Solely for the purposes of the product governance requirements contained within: (a) EU Directive 2014/65/EU on markets in financial instruments, as amended (“MiFID II”); (b) Articles 9 and 10 of Commission Delegated Directive (EU) 2017/593 supplementing MiFID II; and (c) local implementing measures (together, the “MiFID II Product Governance Requirements”), and disclaiming all and any liability, whether arising in tort, contract or otherwise, which any “manufacturer” (for the purposes of the MiFID II Product Governance Requirements) may otherwise have with respect thereto, the Shares have been subject to a product approval process, which has determined that such Shares are: (i) compatible with an end target market of retail investors and investors who meet the criteria of professional clients and eligible counterparties, each as defined in MiFID II; and (ii) eligible for distribution through all distribution channels as are permitted by MiFID II (the “Target Market Assessment”). Notwithstanding the Target Market Assessment, distributors should note that: the price of the Shares may decline and investors could lose all or part of their investment; the Shares offer no guaranteed income and no capital protection; and an investment in the Shares is compatible only with investors who do not need a guaranteed income or capital protection, who (either alone or in conjunction with an appropriate financial or other adviser) are capable of evaluating the merits and risks of such an investment and who have sufficient resources to be able to bear any losses that may result therefrom. The Target Market Assessment is without prejudice to the requirements of any contractual, legal or regulatory selling restrictions in relation to any offering of the Shares. Furthermore, it is noted that, notwithstanding the Target Market Assessment, Carnegie as Lead Manager, will only procure investors who meet the criteria of professional clients and eligible counterparties.

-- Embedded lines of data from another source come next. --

lemma f_upper_zero: "y \<noteq> 0 \<Longrightarrow> f_upper 0 y = y * (g (ln (1/y)) - g1 (ln (1/y)))"
  by (simp add: f_upper_def field_simps)

lemma f_lower_zero: "f_lower 0 y = - y * (2 * g (ln (-(1/y))) - 3/2 * g1 (ln (-(1/y))))"
  by (simp add: f_lower_def field_simps)

lemma f_upper_zero_nonneg:
  assumes "0 < y" "y < R"
  shows "0 \<le> f_upper 0 y"
  using assms g_nonneg[OF c_less_ln_inverse[OF assms]] g1_nonpos[OF c_less_ln_inverse[OF assms]]
  by (simp add: f_upper_zero)

lemma f_lower_zero_nonneg:
  assumes "y < 0" "- R < y"
  shows "0 \<le> f_lower 0 y"
  using assms g_nonneg[OF c_less_ln_minus_inverse[OF assms]]
    g1_nonpos[OF c_less_ln_minus_inverse[OF assms]]
  by (auto simp: f_lower_zero intro!: mult_nonpos_nonneg)

lemma f_upper_zero_scale:
  assumes z: "0 < z" "z < R" and t: "0 < t" "t \<le> 1"
  shows "f_upper 0 (t * z) \<le> t * f_upper 0 z"
proof -
  have "ln (1/z) \<le> ln (1/(t * z))"
    using z t by (simp add: ln_div ln_mult)
  from g_g1_combination_antimono[OF c_less_ln_inverse[OF z] this, of 1 1]
  have "t * z * (g (ln (1/(t*z))) - g1 (ln (1/(t*z)))) \<le> t * z * (g (ln (1/z)) - g1 (ln (1/z)))"
    using z t by (intro mult_left_mono) auto
  then show ?thesis
    using z t by (simp add: f_upper_zero mult.assoc)
qed

lemma f_lower_zero_scale:
  assumes z: "z < 0" "- R < z" and t: "0 < t" "t \<le> 1"
  shows "f_lower 0 (t * z) \<le> t * f_lower 0 z"
proof -
  have tz: "t * z < 0"
    using z t by (simp add: mult_pos_neg)
  have "- (1/z) \<le> - (1/(t * z))"
    using z t by (simp add: field_simps mult_le_cancel_right1)
  then have "ln (-(1/z)) \<le> ln (-(1/(t * z)))"
    using z tz by (subst ln_le_cancel_iff) auto
  from g_g1_combination_antimono[OF c_less_ln_minus_inverse[OF z] this, of 2 "3/2"]
  have "- (t * z) * (2 * g (ln (-(1/(t*z)))) - 3/2 * g1 (ln (-(1/(t*z)))))
      \<le> - (t * z) * (2 * g (ln (-(1/z))) - 3/2 * g1 (ln (-(1/z))))"
    using tz by (intro mult_left_mono) auto
  then show ?thesis
    by (simp add: f_lower_zero mult.assoc)
qed

lemma convex_on_vertical_line_lower_part:
  assumes a: "0 < \<bar>a\<bar>" "\<bar>a\<bar> < R"
  shows "convex_on {-R<..\<bar>a\<bar>} (\<lambda>y. f_sep g g1 (a, y))" (is "convex_on _ ?h")
proof (rule convex_on_glue_one_sided_derivatives[where q = "- \<bar>a\<bar>"])
  have "convex_on {-R<..-\<bar>a\<bar>} ?h"
    by (rule convex_on_eq[OF convex_on_f_lower]) (use a in \<open>auto simp: f_sep_eq_f_lower\<close>)
  moreover have "convex_on {-\<bar>a\<bar>..\<bar>a\<bar>} ?h"
    by (rule convex_on_eq[OF convex_on_subset[OF convex_on_f_middle[OF a]]])
      (use a in \<open>auto simp: f_sep_eq_f_middle\<close>)
  moreover have "{-R<..\<bar>a\<bar>} \<inter> {..-\<bar>a\<bar>} = {-R<..-\<bar>a\<bar>}" "{-R<..\<bar>a\<bar>} \<inter> {-\<bar>a\<bar>..} = {-\<bar>a\<bar>..\<bar>a\<bar>}"
    using a by auto
  ultimately show "convex_on ({-R<..\<bar>a\<bar>} \<inter> {..-\<bar>a\<bar>}) ?h" "convex_on ({-R<..\<bar>a\<bar>} \<inter> {-\<bar>a\<bar>..}) ?h"
    by simp_all
  show "(?h has_real_derivative f_lower' a (-\<bar>a\<bar>)) (at_left (-\<bar>a\<bar>))"
    by (rule DERIV_at_left_transform[OF f_lower_has_derivative, where p = "-R"])
      (use a in \<open>auto simp: f_sep_eq_f_lower\<close>)
  show "(?h has_real_derivative f_middle' a (-\<bar>a\<bar>)) (at_right (-\<bar>a\<bar>))"
    by (rule DERIV_at_right_transform[OF f_middle_has_derivative, where p = "\<bar>a\<bar>"])
      (use a in \<open>auto simp: f_sep_eq_f_middle\<close>)
  show "f_lower' a (-\<bar>a\<bar>) \<le> f_middle' a (-\<bar>a\<bar>)"
    using f_lower'_le_f_middle'[OF a] .
qed (use a in auto)

lemma convex_on_vertical_line_nonzero:
  assumes a: "0 < \<bar>a\<bar>" "\<bar>a\<bar> < R"
  shows "convex_on {-R<..<R} (\<lambda>y. f_sep g g1 (a, y))" (is "convex_on _ ?h")
proof (rule convex_on_glue_one_sided_derivatives[where q = "\<bar>a\<bar>"])
  have "convex_on {\<bar>a\<bar>..<R} ?h"
    by (rule convex_on_eq[OF convex_on_f_upper]) (use a in \<open>auto simp: f_sep_eq_f_upper\<close>)
  moreover have "{-R<..<R} \<inter> {..\<bar>a\<bar>} = {-R<..\<bar>a\<bar>}" "{-R<..<R} \<inter> {\<bar>a\<bar>..} = {\<bar>a\<bar>..<R}"
    using a by auto
  ultimately show "convex_on ({-R<..<R} \<inter> {..\<bar>a\<bar>}) ?h" "convex_on ({-R<..<R} \<inter> {\<bar>a\<bar>..}) ?h"
    using convex_on_vertical_line_lower_part[OF a] by simp_all
  show "(?h has_real_derivative f_middle' a \<bar>a\<bar>) (at_left \<bar>a\<bar>)"
    by (rule DERIV_at_left_transform[OF f_middle_has_derivative, where p = "-\<bar>a\<bar>"])
      (use a in \<open>auto simp: f_sep_eq_f_middle\<close>)
  show "(?h has_real_derivative f_upper' a \<bar>a\<bar>) (at_right \<bar>a\<bar>)"
    by (rule DERIV_at_right_transform[OF f_upper_has_derivative, where p = R])
      (use a in \<open>auto simp: f_sep_eq_f_upper\<close>)
  show "f_middle' a \<bar>a\<bar> \<le> f_upper' a \<bar>a\<bar>"
    using f_middle'_le_f_upper'[OF a] .
qed (use a in auto)

lemma convex_on_vertical_line_zero:
  "convex_on {-R<..<R} (\<lambda>y. f_sep g g1 (0, y))" (is "convex_on _ ?h")
proof -
  have upper: "?h y = f_upper 0 y" if "0 < y" for y
    using that by (simp add: f_sep_eq_f_upper)
  have lower: "?h y = f_lower 0 y" if "y < 0" for y
    using that by (simp add: f_sep_eq_f_lower)
  have zero: "?h 0 = 0"
    by (simp add: f_sep_def f_base_def)
  have pieces: "insert 0 {0<..<R} = {-R<..<R} \<inter> {0..}" "insert 0 {-R<..<0} = {-R<..<R} \<inter> {..0}"
    by auto
  have right: "convex_on (insert 0 {0<..<R}) ?h"
  proof (rule convex_on_insert)
    show "convex_on {0<..<R} ?h"
      by (rule convex_on_eq[OF convex_on_f_upper]) (auto simp: upper)
    show "?h ((1 - t) *\<^sub>R 0 + t *\<^sub>R z) \<le> (1 - t) * ?h 0 + t * ?h z"
      if "z \<in> {0<..<R}" "0 < t" "t < 1" for z t
      using that f_upper_zero_scale[of z t] by (simp add: upper zero)
  qed (simp only: pieces convex_Int convex_real_interval)
  have left: "convex_on (insert 0 {-R<..<0}) ?h"
  proof (rule convex_on_insert)
    show "convex_on {-R<..<0} ?h"
      by (rule convex_on_eq[OF convex_on_f_lower]) (auto simp: lower)
    show "?h ((1 - t) *\<^sub>R 0 + t *\<^sub>R z) \<le> (1 - t) * ?h 0 + t * ?h z"
      if "z \<in> {-R<..<0}" "0 < t" "t < 1" for z t
      using that f_lower_zero_scale[of z t] by (simp add: lower zero mult_pos_neg)
  qed (simp only: pieces convex_Int convex_real_interval)
  show ?thesis
  proof (rule convex_on_glue_supporting_line[where q = 0 and m = 0])
    show "convex_on ({-R<..<R} \<inter> {..0}) ?h" "convex_on ({-R<..<R} \<inter> {0..}) ?h"
      using left right by (simp_all only: pieces)
    show "?h 0 + 0 * (x - 0) \<le> ?h x" if "x \<in> {-R<..<R}" for x
      using that f_upper_zero_nonneg[of x] f_lower_zero_nonneg[of x]
      by (cases x "0 :: real" rule: linorder_cases) (auto simp: zero upper lower)
  qed auto
qed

For the avoidance of doubt, the Target Market Assessment does not constitute: (a) an assessment of suitability or appropriateness for the purposes of MiFID II; or (b) a recommendation to any investor or group of investors to invest in, or purchase, or take any other action whatsoever with respect to the Shares. Each distributor is responsible for undertaking its own target market assessment in respect of the Shares and determining appropriate distribution channels.